Level 19 (7,831 Credits)
Answers (5)
  • We have central air units that have the heat element included, we have no option all units come like this.

    Answer by older at 11:27 AM on Jun. 4, 2011

  • Yes. Our's has a heat pump and according to most a/c people that have been here and my FIL who has some engineering knowledge..they've all said "heat pumps work more efficiently". We don't intend to change either. Yes, we like ours just fine.

    Answer by KellyGirl_TX at 11:38 AM on Jun. 4, 2011

  • My fiance does HVAC. He syas they are a great option and can save money. He didn't say anything about problems with them. He said he didn't think you can add them to an existing system, you would have to get a new system.

    Answer by Shanna84 at 11:45 AM on Jun. 4, 2011

  • Neighbors have one - he installs that stuff for a living - and they've had problems with theirs. DH's neice & nephew installed one last year and it was okay, they said if they could go back in time they wouldn't have gone with it. DH's cousin has had one for a couple of years, and this past winter it didn't work more often than it did work. They hate it. All 3 are in different areas, different brands, installed by different people. But all 3 stories are enough to make me want to never get one. We have a regular central a/c unit, and a gas furnace (propane) and if we have to replace, we'll replace with something equal, no heat pumps here.

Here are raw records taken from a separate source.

lemma sum_fact_le_chains_first_at:
  assumes "finite U" "\<F> \<subseteq> Pow U"
  shows "(\<Sum>F\<in>\<F>. fact (card F) * fact (card U - card F))
    \<le> (\<Sum>F\<in>\<F>. card (chains_first_at U \<F> F)
          + (\<Sum>G\<in>{G\<in>\<F>. F \<subset> G}. card {xs \<in> chains_first_at U \<F> F. on_chain xs G}))"
proof -
  let ?P = "permutations_of_set U"
  have fin: "finite \<F>"
    using assms finite_Pow_iff finite_subset by metis
  have "(\<Sum>F\<in>\<F>. fact (card F) * fact (card U - card F)) = (\<Sum>F\<in>\<F>. card {xs \<in> ?P. on_chain xs F})"
    using assms card_permutations_of_set_on_chain[OF assms(1)] by (intro sum.cong) auto
  also have "\<dots> = (\<Sum>xs\<in>?P. card {F \<in> \<F>. on_chain xs F})"
    using fin by (intro sum_card_Collect_swap[symmetric]) auto
  also have "\<dots> \<le> (\<Sum>xs\<in>?P. \<Sum>F\<in>\<F>.
      if first_on_chain \<F> xs F then 1 + card {G\<in>\<F>. F \<subset> G \<and> on_chain xs G} else 0)"
    using fin by (intro sum_mono card_on_chain_le) (auto simp: permutations_of_set_def)
  also have "\<dots> = (\<Sum>F\<in>\<F>. \<Sum>xs\<in>chains_first_at U \<F> F. 1 + card {G\<in>\<F>. F \<subset> G \<and> on_chain xs G})"
    unfolding chains_first_at_def by (subst sum.swap) (simp only: sum.inter_filter[OF finite_permutations_of_set])
  also have "\<dots> = (\<Sum>F\<in>\<F>. card (chains_first_at U \<F> F)
          + (\<Sum>xs\<in>chains_first_at U \<F> F. card {G\<in>{G\<in>\<F>. F \<subset> G}. on_chain xs G}))"
    by (simp only: sum.distrib) (simp add: conj_assoc)
  also have "\<dots> = (\<Sum>F\<in>\<F>. card (chains_first_at U \<F> F)
          + (\<Sum>G\<in>{G\<in>\<F>. F \<subset> G}. card {xs \<in> chains_first_at U \<F> F. on_chain xs G}))"
    using fin by (intro sum.cong refl arg_cong2[where f = "(+)"] sum_card_Collect_swap)
      (auto simp: chains_first_at_def)
  finally show ?thesis .
qed

lemma LYM_inequality_overlaps:
  fixes \<delta> :: real
  assumes U: "finite U" "\<F> \<subseteq> Pow U" and "\<delta> \<ge> 0"
    and overlaps: "\<And>F. F \<in> \<F> \<Longrightarrow>
      (\<Sum>G\<in>{G\<in>\<F>. F \<subset> G}. 1 / real ((card U - card F) choose (card G - card F))) \<le> \<delta>"
  shows "(\<Sum>F\<in>\<F>. 1 / real (card U choose card F)) \<le> 1 + \<delta>"
proof -
  let ?n = "card U" and ?E = "chains_first_at U \<F>"
  have fin: "finite \<F>"
    using U finite_Pow_iff finite_subset by metis
  have card_le: "card F \<le> ?n" if "F \<in> \<F>" for F
    using U that by (intro card_mono) auto
  have "fact ?n * (\<Sum>F\<in>\<F>. 1 / real (?n choose card F)) = (\<Sum>F\<in>\<F>. real (fact (card F) * fact (?n - card F)))"
    unfolding sum_distrib_left using card_le by (intro sum.cong refl) (simp add: binomial_fact)
  also have "\<dots> \<le> (\<Sum>F\<in>\<F>. real (card (?E F))
      + (\<Sum>G\<in>{G\<in>\<F>. F \<subset> G}. real (card {xs \<in> ?E F. on_chain xs G})))"
    using sum_fact_le_chains_first_at[OF U] unfolding of_nat_sum[symmetric] of_nat_add[symmetric] of_nat_le_iff .
  also have "\<dots> = (\<Sum>F\<in>\<F>. real (card (?E F))
      * (1 + (\<Sum>G\<in>{G\<in>\<F>. F \<subset> G}. 1 / real ((?n - card F) choose (card G - card F)))))"
  proof (intro sum.cong refl)
    fix F assume "F \<in> \<F>"
    have "real (card {xs \<in> ?E F. on_chain xs G})
        = real (card (?E F)) * (1 / real ((?n - card F) choose (card G - card F)))"
      if "G \<in> {G\<in>\<F>. F \<subset> G}" for G
    proof -
      have "F \<subset> G" "G \<subseteq> U"
        using that U(2) by auto
      then show ?thesis
        by (simp add: card_chains_first_at_on_chain[OF U(1)])
    qed
    then show "real (card (?E F)) + (\<Sum>G\<in>{G\<in>\<F>. F \<subset> G}. real (card {xs \<in> ?E F. on_chain xs G}))
      = real (card (?E F)) * (1 + (\<Sum>G\<in>{G\<in>\<F>. F \<subset> G}. 1 / real ((?n - card F) choose (card G - card F))))"
      by (simp add: distrib_left sum_distrib_left)
  qed
  also have "\<dots> \<le> (\<Sum>F\<in>\<F>. real (card (?E F)) * (1 + \<delta>))"
    using overlaps by (intro sum_mono mult_left_mono) auto
  also have "\<dots> = (1 + \<delta>) * real (\<Sum>F\<in>\<F>. card (?E F))"
    by (simp add: sum_distrib_left mult.commute)
  also have "\<dots> \<le> (1 + \<delta>) * fact ?n"
  proof -
    have "real (\<Sum>F\<in>\<F>. card (?E F)) \<le> fact ?n"
      using sum_card_chains_first_at_le[OF U(1) fin] by (metis of_nat_fact of_nat_le_iff)
    then show ?thesis
      using \<open>\<delta> \<ge> 0\<close> by (intro mult_left_mono) auto
  qed
  finally show ?thesis
    by (simp add: mult.commute)
qed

    Answer by Anonymous at 12:14 PM on Jun. 4, 2011

  • My understanding on heat pumps is that they take the warmth out of the outside air and cycle it over coils and pump it into your house. And that they work best in warmer southern climates. I live in FL and pretty much anyone that has central A/C has a heat pump in it. But we were told that they can only warm the inside air so many degrees warmer than the outside air. Like when it gets 30 degrees here (which isn't often), the heat pump can run and run, but it can only do so much to make it warm inside. Although I will admit that I like to keep the thermostat on 76 in the winter and so trying to get the system to make the air 46 degrees warmer inside is not possible. But they are efficient.